Random musings on the bone structure of Japanese Sea Bream (Tai/Madai/真鯛), a topic that I’d read about many years ago but only recently come across again. All pictures here except the real bone skeleton are credited to the National Diet Library of Japan (国立国会図書館). For those of you who don’t know, the National Diet Library of Japan is one of the largest libraries in the world and carries out the same function as the United States Library of Congress. As such, they carry many old books, whose images are now open sourced.
In my article about how to prepare Madai here, I talked about how the highest quality Madai is that which possessed a bone deformity that was known as a Naruto bones (鳴門骨/なるとほね), which can be seen in the picture here of a bone frame that I filleted and cleaned just for the photo.
In Japan, Madai is prized for its flavor but also its history, as Madai has been eaten since the Jomon period, with Madai bones being found at archeological sites.

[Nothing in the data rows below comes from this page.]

lemma ez_H1_add: "ez_H1 (u + v) - ez_H1 u - ez_H1 v \<in> B2 b z"
proof -
  consider "u \<in> ker_mu b" "v \<in> ker_mu b" | "u \<in> H1 b" "v \<in> ker_mu b" | "u \<in> ker_mu b" "v \<in> H1 b"
    | "u \<in> H1 b" "v \<in> H1 b" "u + v \<in> ker_mu b" | "u \<in> H1 b" "v \<in> H1 b" "u + v \<in> H1 b"
    by (auto simp: H1_def)
  then show ?thesis
  proof cases
    case 1
    then have "ez_H1 (u + v) - ez_H1 u - ez_H1 v
        = (shift_odd (u + v) - shift (u + v)) - (shift_odd u - shift u) - (shift_odd v - shift v)
          + (shift (u + v) - shift u - shift v)"
      using ker_mu_add by (simp add: ez_H1_def algebra_simps)
    then show ?thesis
      using 1 ker_mu_add by (metis B2_add B2_diff shift_odd_shift shift_add)
  next
    case 2
    then show ?thesis by (rule ez_H1_add_ker)
  next
    case 3
    then show ?thesis
      using ez_H1_add_ker[of v u] by (simp add: algebra_simps)
  next
    case 4
    then have "u \<notin> ker_mu b" "v \<notin> ker_mu b" by (auto simp: H1_def)
    moreover have "shift_rep u (u + v) = ez u + ez v" by (simp add: shift_rep_def)
    ultimately have "ez_H1 (u + v) - ez_H1 u - ez_H1 v
        = (shift_odd (u + v) - shift (u + v)) + (shift (u + v) - shift_rep u (u + v))"
      using 4 by (simp add: ez_H1_def)
    then show ?thesis
      using 4 by (metis B2_add shift_odd_shift shift_shift_rep)
  next
    case 5
    then have "ez_H1 (u + v) - ez_H1 u - ez_H1 v = ez_defect u v"
      by (auto simp: ez_H1_def ez_defect_def H1_def)
    then show ?thesis
      using 5 by (simp add: ez_defect_in_B2_H1)
  qed
qed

Traditionally, Madai is even eaten during the New Year’s Celebration and even weddings. There is even a festival in Toyohama, Aichi Prefecture, held every July called the Tai-Matsuri (鯛祭り) or Sea Bream festival, where huge Madai structures are made by each ward of Aichi Prefecture from bamboo and cloth and carried into the sea to pray for maritime safety and an abundant catch.

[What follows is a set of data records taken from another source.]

lemma card_multiples_le:
  assumes "L > (0::nat)"
  shows "real (card {x\<in>{1..n}. L dvd x}) \<le> real n / real L"
proof -
  have "{x\<in>{1..n}. L dvd x} \<subseteq> (\<lambda>j. L * j) ` {1..n div L}"
  proof
    fix x assume "x \<in> {x\<in>{1..n}. L dvd x}"
    then obtain j where j: "x = L * j" "1 \<le> x" "x \<le> n" by auto
    then have "1 \<le> j" by (cases j) auto
    moreover have "j \<le> n div L"
      using j assms by (metis div_le_mono nonzero_mult_div_cancel_left not_gr0)
    ultimately show "x \<in> (\<lambda>j. L * j) ` {1..n div L}" using j by auto
  qed
  then have "card {x\<in>{1..n}. L dvd x} \<le> card ((\<lambda>j. L * j) ` {1..n div L})"
    by (intro card_mono) auto
  also have "\<dots> \<le> n div L"
    using card_image_le[of "{1..n div L}" "\<lambda>j. L * j"] by simp
  finally have "real (card {x\<in>{1..n}. L dvd x}) \<le> real (n div L)"
    by simp
  also have "\<dots> \<le> real n / real L"
    by (rule of_nat_div_le_of_nat)
  finally show ?thesis .
qed

lemma card_divisibility_pattern_le:
  assumes S: "finite S" "\<And>q. q \<in> S \<Longrightarrow> prime q"
    and C: "\<And>q. q \<in> S \<Longrightarrow> C q \<subseteq> {1..n}"
  shows "real (card {X\<in>PiE {1..n} (\<lambda>_. {1..n}). \<forall>q\<in>S. \<forall>i\<in>C q. q dvd X i})
           \<le> real n ^ n * (\<Prod>q\<in>S. (1 / real q) ^ card (C q))"
proof -
  define I where "I = {1..n}"
  define L where "L i = (\<Prod>q\<in>{q\<in>S. i \<in> C q}. q)" for i
  define A where "A i = {x\<in>I. \<forall>q\<in>S. i \<in> C q \<longrightarrow> q dvd x}" for i
  have L_pos: "L i > 0" for i
    unfolding L_def using S by (simp add: prime_gt_0_nat prod_pos)
  have "{X\<in>PiE I (\<lambda>_. I). \<forall>q\<in>S. \<forall>i\<in>C q. q dvd X i} = PiE I A"
    by (intro set_eqI) (use C in \<open>auto simp: A_def I_def PiE_iff\<close>)
  then have "real (card {X\<in>PiE I (\<lambda>_. I). \<forall>q\<in>S. \<forall>i\<in>C q. q dvd X i})
      = (\<Prod>i\<in>I. real (card (A i)))"
    by (simp add: card_PiE I_def)
  also have "\<dots> \<le> (\<Prod>i\<in>I. real n / real (L i))"
  proof (intro prod_mono conjI)
    fix i
    have "A i \<subseteq> {x\<in>I. L i dvd x}"
      unfolding A_def L_def using S by (auto intro!: prod_primes_dvd)
    then have "card (A i) \<le> card {x\<in>I. L i dvd x}"
      by (intro card_mono) (auto simp: I_def)
    then show "real (card (A i)) \<le> real n / real (L i)"
      using card_multiples_le[OF L_pos[of i], of n] unfolding I_def by linarith
  qed simp
  also have "\<dots> = real n ^ n * (\<Prod>i\<in>I. \<Prod>q\<in>{q\<in>S. i \<in> C q}. 1 / real q)"
    by (simp add: I_def L_def prod_dividef)
  also have "(\<Prod>i\<in>I. \<Prod>q\<in>{q\<in>S. i \<in> C q}. 1 / real q) = (\<Prod>q\<in>S. \<Prod>i\<in>{i\<in>I. i \<in> C q}. 1 / real q)"
    using prod.swap_restrict[of I S "\<lambda>_ q. 1 / real q" "\<lambda>i q. i \<in> C q"] S by (simp add: I_def)
  also have "\<dots> = (\<Prod>q\<in>S. (1 / real q) ^ card (C q))"
  proof (intro prod.cong refl)
    fix q assume "q \<in> S"
    with C have "{i\<in>I. i \<in> C q} = C q" unfolding I_def by blast
    then show "(\<Prod>i\<in>{i\<in>I. i \<in> C q}. 1 / real q) = (1 / real q) ^ card (C q)" by simp
  qed
  finally show ?thesis by (simp add: I_def)
qed

lemma sum_inverse_squares_greaterThanAtMost_le:
  assumes "0 < k" and "k \<le> n"
  shows "(\<Sum>q\<in>{k<..n}. 1 / real q ^ 2) \<le> 1 / real k - 1 / real n"
  using assms(2)
proof (induction n rule: dec_induct)
  case base
  then show ?case by simp
next
  case (step m)
  have m_pos: "real m > 0" using step assms by simp
  have "1 / real (Suc m) ^ 2 \<le> 1 / (real m * real (Suc m))"
    using m_pos by (intro frac_le) (auto simp: power2_eq_square)
  also have "\<dots> = 1 / real m - 1 / real (Suc m)"
    using m_pos by (simp add: field_simps)
  finally have "1 / real (Suc m) ^ 2 \<le> 1 / real m - 1 / real (Suc m)" .
  moreover have "{k<..Suc m} = insert (Suc m) {k<..m}" using step by auto
  ultimately show ?case using step.IH by simp
qed

lemma sum_inverse_squares_Sprimes_le:
  assumes "0 < k"
  shows "(\<Sum>q\<in>Sprimes k n. 1 / real q ^ 2) \<le> 1 / real k"
proof -
  have "(\<Sum>q\<in>Sprimes k n. 1 / real q ^ 2) \<le> (\<Sum>q\<in>{k<..n}. 1 / real q ^ 2)"
    by (rule sum_mono2) (auto simp: Sprimes_def)
  also have "\<dots> \<le> 1 / real k"
  proof (cases "k \<le> n")
    case True
    have "0 \<le> 1 / real n" by simp
    with sum_inverse_squares_greaterThanAtMost_le[OF assms True] show ?thesis by linarith
  qed simp
  finally show ?thesis .
qed

lemma sum_squares_scaled_inverse_Sprimes_le:
  assumes "0 < k"
  shows "(\<Sum>q\<in>Sprimes k n. (c * real n / real q) ^ 2) \<le> c ^ 2 * real n ^ 2 / real k"
proof -
  have "(\<Sum>q\<in>Sprimes k n. (c * real n / real q) ^ 2)
      = c ^ 2 * real n ^ 2 * (\<Sum>q\<in>Sprimes k n. 1 / real q ^ 2)"
    by (simp add: sum_distrib_left power_mult_distrib power_divide)
  also have "\<dots> \<le> c ^ 2 * real n ^ 2 * (1 / real k)"
    using sum_inverse_squares_Sprimes_le[OF assms] by (intro mult_left_mono) auto
  finally show ?thesis by simp
qed

lemma sum_pow_card_subsets_empty_or_card_gt_le_2:
  fixes a :: real
  assumes "0 \<le> a" and "finite I"
  shows "(\<Sum>T\<in>subsets_empty_or_card_gt I (exp 1 * a * real (card I)). a ^ card T) \<le> 2"
proof -
  define m where "m = exp 1 * a * real (card I)"
  \<comment> \<open>Rankin's trick: a term with \<open>card T > m\<close> is at most \<open>a^|T| e^(|T| - m)\<close>.\<close>
  define g where "g T = (if T = {} then 1 else 0) + (exp 1 * a) ^ card T * exp (- m)" for T :: "'a set"
  have "(\<Sum>T\<in>subsets_empty_or_card_gt I m. a ^ card T) \<le> (\<Sum>T\<in>subsets_empty_or_card_gt I m. g T)"
  proof (intro sum_mono)
    fix T assume T: "T \<in> subsets_empty_or_card_gt I m"
    show "a ^ card T \<le> g T"
    proof (cases "T = {}")
      case False
      with T have "1 \<le> exp (real (card T) - m)"
        by (simp add: subsets_empty_or_card_gt_def)
      then have "a ^ card T \<le> a ^ card T * exp (real (card T) - m)"
        using assms(1) by (simp add: mult_le_cancel_left1)
      also have "\<dots> = (exp 1 * a) ^ card T * exp (- m)"
        by (simp add: exp_diff exp_minus power_mult_distrib exp_of_nat_mult[symmetric] field_simps)
      finally show ?thesis using False by (simp add: g_def)
    qed (simp add: g_def)
  qed
  also have "\<dots> \<le> (\<Sum>T\<in>Pow I. g T)"
    using assms by (intro sum_mono2) (auto simp: subsets_empty_or_card_gt_def g_def)
  also have "\<dots> = 1 + exp (- m) * (\<Sum>T\<in>Pow I. (exp 1 * a) ^ card T)"
    using assms(2) by (simp add: g_def sum.distrib sum_distrib_left sum.delta' mult.commute)
  also have "(\<Sum>T\<in>Pow I. (exp 1 * a) ^ card T) = (1 + exp 1 * a) ^ card I"
    using prod_add[OF assms(2), of "\<lambda>_. exp 1 * a" "\<lambda>_. 1"] by (simp add: add.commute)
  also have "\<dots> \<le> exp (exp 1 * a) ^ card I"
    by (intro power_mono) (use assms(1) in \<open>auto simp: add.commute\<close>)
  also have "\<dots> = exp m"
    by (simp add: m_def exp_of_nat_mult[symmetric] mult.commute)
  finally show ?thesis by (simp add: m_def exp_minus field_simps)
qed

lemma prod_sum_pow_card_subsets_empty_or_card_gt_le:
  fixes a :: "'b \<Rightarrow> real"
  assumes "finite I" and "\<And>q. q \<in> S \<Longrightarrow> 0 \<le> a q"
  shows "(\<Prod>q\<in>S. \<Sum>T\<in>subsets_empty_or_card_gt I (exp 1 * a q * real (card I)). a q ^ card T)
           \<le> 2 ^ card S"
proof -
  have "(\<Prod>q\<in>S. \<Sum>T\<in>subsets_empty_or_card_gt I (exp 1 * a q * real (card I)). a q ^ card T)
      \<le> (\<Prod>q\<in>S. 2)"
    using assms sum_pow_card_subsets_empty_or_card_gt_le_2
    by (intro prod_mono) (auto intro: sum_nonneg)
  then show ?thesis by simp
qed

lemma sum_prod_pow_card_sum_gt_le:
  fixes w :: "'a \<Rightarrow> real" and V :: "'a \<Rightarrow> 'b set set"
  assumes "finite S" and "\<And>q. q \<in> S \<Longrightarrow> finite (V q)"
    and "\<And>q. q \<in> S \<Longrightarrow> 0 \<le> w q" and "0 \<le> \<theta>"
  shows "(\<Sum>C\<in>{C\<in>PiE S V. (\<Sum>q\<in>S. real (card (C q))) > t}. \<Prod>q\<in>S. w q ^ card (C q))
           \<le> exp (- \<theta> * t) * (\<Prod>q\<in>S. \<Sum>T\<in>V q. (exp \<theta> * w q) ^ card T)"
proof -
  have tilt: "(\<Prod>q\<in>S. w q ^ card (C q)) \<le> exp (- \<theta> * t) * (\<Prod>q\<in>S. (exp \<theta> * w q) ^ card (C q))"
    if "(\<Sum>q\<in>S. real (card (C q))) > t" for C :: "'a \<Rightarrow> 'b set"
  proof -
    have "1 \<le> exp (\<theta> * ((\<Sum>q\<in>S. real (card (C q))) - t))"
      using that assms(4) by simp
    then have "(\<Prod>q\<in>S. w q ^ card (C q))
        \<le> exp (\<theta> * ((\<Sum>q\<in>S. real (card (C q))) - t)) * (\<Prod>q\<in>S. w q ^ card (C q))"
      using assms(3) prod_nonneg[of S "\<lambda>q. w q ^ card (C q)"] by (simp add: mult_le_cancel_right1)
    also have "\<dots> = exp (- \<theta> * t) * (\<Prod>q\<in>S. (exp \<theta> * w q) ^ card (C q))"
      using assms(1)
      by (simp add: power_mult_distrib prod.distrib exp_sum exp_of_nat_mult[symmetric]
          exp_diff exp_minus right_diff_distrib sum_distrib_left mult.commute field_simps)
    finally show ?thesis .
  qed
  have "(\<Sum>C\<in>{C\<in>PiE S V. (\<Sum>q\<in>S. real (card (C q))) > t}. \<Prod>q\<in>S. w q ^ card (C q))
      \<le> (\<Sum>C\<in>{C\<in>PiE S V. (\<Sum>q\<in>S. real (card (C q))) > t}. exp (- \<theta> * t) * (\<Prod>q\<in>S. (exp \<theta> * w q) ^ card (C q)))"
    by (intro sum_mono tilt) simp
  also have "\<dots> \<le> (\<Sum>C\<in>PiE S V. exp (- \<theta> * t) * (\<Prod>q\<in>S. (exp \<theta> * w q) ^ card (C q)))"
    using assms by (intro sum_mono2 finite_PiE) (auto intro!: mult_nonneg_nonneg prod_nonneg)
  also have "\<dots> = exp (- \<theta> * t) * (\<Prod>q\<in>S. \<Sum>T\<in>V q. (exp \<theta> * w q) ^ card T)"
    using assms by (simp add: prod_sum_PiE sum_distrib_left)
  finally show ?thesis .
qed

In terms of bone structure, there are 9 bone structures found in Madai that were celebrated as unique to Madai during the Edo period. These bones were known as the 9 bone tools (鯛の九つ道具) due to their resemblance to building tools. The most famous illustration of this is probably from Okukura Tatsuyuki’s (奥倉辰行) book, Suizoku Sashin (水族写真) which was published towards the end of the Edo period in 1857, two years before his death. Okukura himself was just an owner of a grocery store in the Kanda Tacho district of Edo (江戸神田多町), but his works showing his extremely in-depth knowledge of fish during that time.
This book contained highly detailed depictions of over 720 fishes found in the waters around Japan, some of which were his own work and some which were copies of other collections. The pictures were mostly in color, and were accompanied by annotations of the names of the fish in different dialects, along with their characteristics and flavour.
The image of the Madai skeleton structure can be seen below along with the 9 bone tools. I won’t elaborate about the 9 bones tools as we’re only interested in 1 of them, the Naruto bone, however, it’s worth nothing that out of the 9 bone tools, 1 of the “bones” is actually a fish parasite that lives in the mouth of Madai!
On the Naruto bone, the whole idea behind it is that Madai who possess this bone deformity are extremely high quality and taste amazing, as this bone deformity is due to the fish swimming in extremely fast moving waters and currents, which in turns causes the fish’s flesh to be flavourful. This however, isn’t extremely accurate as the cause of this bone deformity isn’t known, and Madai found in waters around other countries sometimes do have this bone deformity as well. In fact, if you look at the Japanese Database of Parasites in Fish and Shellfish (DPAF/水産食品の寄生虫検索データベース), they consider the Naruto bone as a benign osteoma or bone outgrowth.
The main reason why this conception spread in the first place was probably that the Naruto bone is not found in Madai caught in the Kanto (関東地方) (which includes Tokyo) and Tokai (東海地方) region, but mainly in the waters off the Kansai region (近畿地方) which includes Kyoto and Osaka, which were famous for their delicious tasting Madai, thus giving birth to this correlation. In fact, the taste of raw high quality Madai is supposed to be many times more superior than the taste of Hirame, which is interesting because Tai has come to be known as a relatively cheap fish compared to Hirame. This is especially true for Tai that is caught in the waters of the Seto Inland Sea (瀬戸内海) which are then brought the the fishing ports of Akashi (明石市), which is located in the Kansai region, and Naruto (鳴門市), which whilst not in the Kansai region but on Shikoku island, is facing the Seto Inland Sea. It is because of how highly prized the Madai from Naruto is that this bone structure came to be known as the Naruto bone.
From a chef’s perspective, Hirame is usually served in sushi restaurants compared to Tai due to how Tai is seen as a cheap low quality fish. However, on the occasion that high quality Tai can be brought, which is getting increasingly common due to refrigeration that allows Tai from the Seto Inland Sea to be transported all over Japan, it is definitely worthy to be served as nigiri alongside other much more prestigious fish such as Kohada and Maguro.
If you do ever find high quality Tai like this, do keep in mind that the Naruto bone protrudes into the fillet and can very very easily chip you filleting knife if you do not watch out for it.